Modular Arithmetic: Solve (21999+31998+51997) Divided by 7

[triac]

Homework Statement

Okay, so I'm going to find the smallest positive remainder of (2¹⁹⁹⁹+3¹⁹⁹⁸+5¹⁹⁹⁷) divided by seven.

Homework Equations

The Attempt at a Solution

Well, I did like this:
2³ is congruent to 1 (mod 7). Therefore, 2¹⁹⁹⁹= (2³)^1999/3 is congruent to 1 (mod 7).
3³ is congruent to (-1) (mod 7). Therefore, 3¹⁹⁹⁸=(3³)⁶⁶⁶ is congruent to (-1)⁶⁶⁶=1 (mod 7).
5³ is congruent to (-1) (mod 7). Therefore, 5¹⁹⁹⁷=(5³)⁶⁶⁵*25 is congruent to (-1)⁶⁶⁵*4 = -4 (mod 7)

So, all in all the remainder should be two. However it says in the key that it is six, and I can't see where I'm wrong. Got any suggestions?

 

[Mark44]

Homework Statement

Okay, so I'm going to find the smallest positive remainder of (2¹⁹⁹⁹+3¹⁹⁹⁸+5¹⁹⁹⁷) divided by seven.

Homework Equations

The Attempt at a Solution

Well, I did like this:
2³ is congruent to 1 (mod 7). Therefore, 2¹⁹⁹⁹= (2³)^1999/3 is congruent to 1 (mod 7).
3³ is congruent to (-1) (mod 7). Therefore, 3¹⁹⁹⁸=(3³)⁶⁶⁶ is congruent to (-1)⁶⁶⁶=1 (mod 7).
5³ is congruent to (-1) (mod 7). Therefore, 5¹⁹⁹⁷=(5³)⁶⁶⁵*25 is congruent to (-1)⁶⁶⁵*4 = -4 (mod 7)

So, all in all the remainder should be two. However it says in the key that it is six, and I can't see where I'm wrong. Got any suggestions?

Here's what I get:
2³ is congruent to 1 (mod 7). Therefore, 2¹⁹⁹⁹= (2³)⁶⁶⁶*2 is congruent to 2 (mod 7) (not 1 mod 7 as you had).
3³ is congruent to (-1) (mod 7). Therefore, 3¹⁹⁹⁸=(3³)⁶⁶⁶ is congruent to (-1)⁶⁶⁶=1 (mod 7).
5³ is congruent to (-1) (mod 7). Therefore, 5¹⁹⁹⁷=(5³)⁶⁶⁵*25 is congruent to (-1)⁶⁶⁵*4 = -4 (mod 7) = 3 mod 7.

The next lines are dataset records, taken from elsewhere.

definition S_Iso :: "'a cat \<Rightarrow> ('a \<rightharpoonup> 'a) set" where
  "S_Iso C = {s \<in> S_Lambda C. \<forall>e. e \<in> S_Lambda C \<and> e \<circ>\<^sub>m e = e \<and> e \<noteq> Map.empty
       \<and> e = e \<circ>\<^sub>m (pinv s \<circ>\<^sub>m s) \<longrightarrow> s \<circ>\<^sub>m e \<circ>\<^sub>m pinv s \<circ>\<^sub>m e \<noteq> Map.empty}"

text \<open>Graph of a partial map; unions of partial maps are unions of graphs.\<close>
definition pgraph :: "('a \<rightharpoonup> 'a) \<Rightarrow> ('a \<times> 'a) set" where
  "pgraph m = {(x, y). m x = Some y}"

definition exhaustive_at :: "'a cat \<Rightarrow> 'a \<Rightarrow> 'a set \<Rightarrow> bool" where
  "exhaustive_at C x B \<longleftrightarrow> B \<subseteq> rideal C x \<and>
     (\<forall>a\<in>rideal C x. \<exists>b\<in>B. rideal C a \<inter> rideal C b \<noteq> {})"

definition exhaustive :: "'a cat \<Rightarrow> 'a set \<Rightarrow> bool" where
  "exhaustive C B \<longleftrightarrow> (\<exists>x\<in>Obj C. exhaustive_at C x B)"

definition F_Lambda :: "'a cat \<Rightarrow> ('a \<rightharpoonup> 'a) set" where
  "F_Lambda C = {m. m \<in> S_Iso C \<and>
     (\<exists>(n::nat) a b. (\<forall>i<n. a i \<in> Mor C \<and> b i \<in> Mor C) \<and>
        exhaustive C (a ` {..<n}) \<and> exhaustive C (b ` {..<n}) \<and>
        pgraph m = (\<Union>i<n. pgraph (pmap C (a i) \<circ>\<^sub>m pinv (pmap C (b i)))))}
   \<union> {Map.empty}"

end

theory Submission
  imports Defs
begin

(* Write delta = alpha a = beta b.  Then delta^* alpha beta^* delta = a^* b, and finite alignment,
   a Lambda \<inter> b Lambda = \<Union>_f f Lambda with f = a p_f = b q_f, turns a^* b into \<Union>_f p_f q_f^*.
   An element s of S_Lambda lies in S_Lambda^Iso as soon as, for every y in its domain, s maps
   some element of y Lambda into y Lambda: a nonzero idempotent below s^* s fixes some y and hence,
   by right equivariance, all of y Lambda.  Conversely an s in S_Lambda^Iso has this property for
   every d with d Lambda inside its domain, by testing it on the idempotent d d^*.  Taking
   d = delta y shows that delta^* alpha beta^* delta maps some y t' to some y t, for every y with
   r(y) = s(delta).  This gives the isotropy of delta^* alpha beta^* delta, and since (y t', y t) lies
   in the graph of some p_f q_f^*, y Lambda meets both p_f Lambda and q_f Lambda: the families
   {p_f} and {q_f} are exhaustive at s(delta). *)

lemma pinv_SomeD:
  assumes "pinv m y = Some x"
  shows "m x = Some y"
proof -
  have ex: "\<exists>x. m x = Some y" and "x = (SOME x. m x = Some y)"
    using assms unfolding pinv_def by (auto split: if_splits)
  then show ?thesis using someI_ex[OF ex] by simp
qed

lemma pinv_Some_iff:
  assumes "inj_on m (dom m)"
  shows "pinv m y = Some x \<longleftrightarrow> m x = Some y"
proof
  assume "m x = Some y"
  moreover have "x' = x" if "m x' = Some y" for x'
    using assms that \<open>m x = Some y\<close> by (metis domI inj_onD)
  ultimately have "(SOME x. m x = Some y) = x" by (intro some_equality)
  then show "pinv m y = Some x" using \<open>m x = Some y\<close> unfolding pinv_def by auto
qed (rule pinv_SomeD)

lemma inj_on_domI:
  assumes "\<And>x x' y. m x = Some y \<Longrightarrow> m x' = Some y \<Longrightarrow> x = x'"
  shows "inj_on m (dom m)"
proof (rule inj_onI)
  fix x x' assume "x \<in> dom m" and "m x = m x'"
  then obtain y where "m x = Some y" and "m x' = Some y" by (metis domD)
  then show "x = x'" by (rule assms)
qed

lemma inj_on_dom_pinv: "inj_on (pinv m) (dom (pinv m))"
  by (rule inj_on_domI) (metis option.inject pinv_SomeD)

lemma inj_on_dom_map_comp:
  assumes "inj_on f (dom f)" and "inj_on g (dom g)"
  shows "inj_on (f \<circ>\<^sub>m g) (dom (f \<circ>\<^sub>m g))"
proof (rule inj_on_domI)
  fix x x' y assume "(f \<circ>\<^sub>m g) x = Some y" "(f \<circ>\<^sub>m g) x' = Some y"
  then obtain z z' where "g x = Some z" "f z = Some y" "g x' = Some z'" "f z' = Some y"
    unfolding map_comp_Some_iff by blast
  with assms show "x = x'" by (metis domI inj_onD)
qed

lemma map_eqI_Some:
  assumes "\<And>x y. f x = Some y \<longleftrightarrow> g x = Some y"
  shows "f = g"
proof
  fix x show "f x = g x"
  proof (cases "f x")
    case None
    then have "g x \<noteq> Some y" for y using assms[of x y] by simp
    with None show ?thesis by (metis not_Some_eq)
  next
    case (Some y)
    with assms[of x y] show ?thesis by simp
  qed
qed

lemma map_comp_assoc: "f \<circ>\<^sub>m (g \<circ>\<^sub>m h) = f \<circ>\<^sub>m g \<circ>\<^sub>m h"
  by (auto simp: map_comp_def split: option.split)
(* Let $N=\{1,\dots,n\}$ and, for each $i\in N$, let $\mathcal{X}_i\subset\mathbb{R}^d$ be nonempty, closed and bounded, with $\tilde{\mathcal{X}}_i=\operatorname{conv}(\mathcal{X}_i)$. Let $A_j$ ($j\in N$) be real $q\times d$ matrices, let $\Omega\subset\mathbb{R}^q$ be a neighborhood of $\{\frac1n\sum_{j\in N}A_jy_j : y_j\in\tilde{\mathcal{X}}_j\ \forall j\}$, and let $\theta_i:\mathcal{X}_i\times\Omega\to\mathbb{R}$ satisfy: (1) for every $i\in N$ and $y\in\Omega$, $x_i\mapsto\theta_i(x_i,y)$ is lower semicontinuous on $\mathcal{X}_i$; (2) there exist constants $H>0,\gamma>0$ such that $|\theta_i(x_i,y')-\theta_i(x_i,y)|\le H\|y'-y\|^\gamma$ for all $i\in N$, $x_i\in\mathcal{X}_i$, $y,y'\in\Omega$. Then the convexified game $\tilde\Gamma$ (defined in the context) admits a pure Nash equilibrium.
   Context: Notation: $\tilde{\mathcal{X}}=\prod_{i\in N}\tilde{\mathcal{X}}_i$, $\tilde{\mathcal{X}}_{-i}=\prod_{j\ne i}\tilde{\mathcal{X}}_j$. The nonconvex game $\Gamma$ has players $N$, action sets $\mathcal{X}_i$ and costs $f_i(x_i,x_{-i})=\theta_i\big(x_i,\frac1n\sum_{j\in N}A_jx_j\big)$ for $x_i\in\mathcal{X}_i$, $x_{-i}\in\tilde{\mathcal{X}}_{-i}$. Let $\mathcal{S}_d=\{\alpha\in\mathbb{R}^{d+1}:\alpha^k\ge0,\ \sum_k\alpha^k=1\}$. The convexified game $\tilde\Gamma$ has players $N$, action sets $\tilde{\mathcal{X}}_i$ and costs, for $x\in\tilde{\mathcal{X}}$, $\tilde f_i(x_i,x_{-i})=\inf\{\sum_{k=1}^{d+1}\alpha^kf_i(z^k,x_{-i}) : \alpha\in\mathcal{S}_d,\ z^k\in\mathcal{X}_i,\ x_i=\sum_{k=1}^{d+1}\alpha^kz^k\}$. A pure Nash equilibrium of $\tilde\Gamma$ is $x\in\tilde{\mathcal{X}}$ with $\tilde f_i(x_i,x_{-i})\le\tilde f_i(y_i,x_{-i})$ for all $i\in N$ and all $y_i\in\tilde{\mathcal{X}}_i$. *)

theory Defs
  imports "HOL-Analysis.Analysis"
begin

Add 'em up and you get 6 mod 7.

 

[triac]

Ok, thanks a lot!
I just wonder, why is it wrong to do the way I did, why doesn't it work?

 

[tiny-tim]

Hi triac!

I just wonder, why is it wrong to do the way I did, why doesn't it work?

Because 1999/3 isn't a whole number.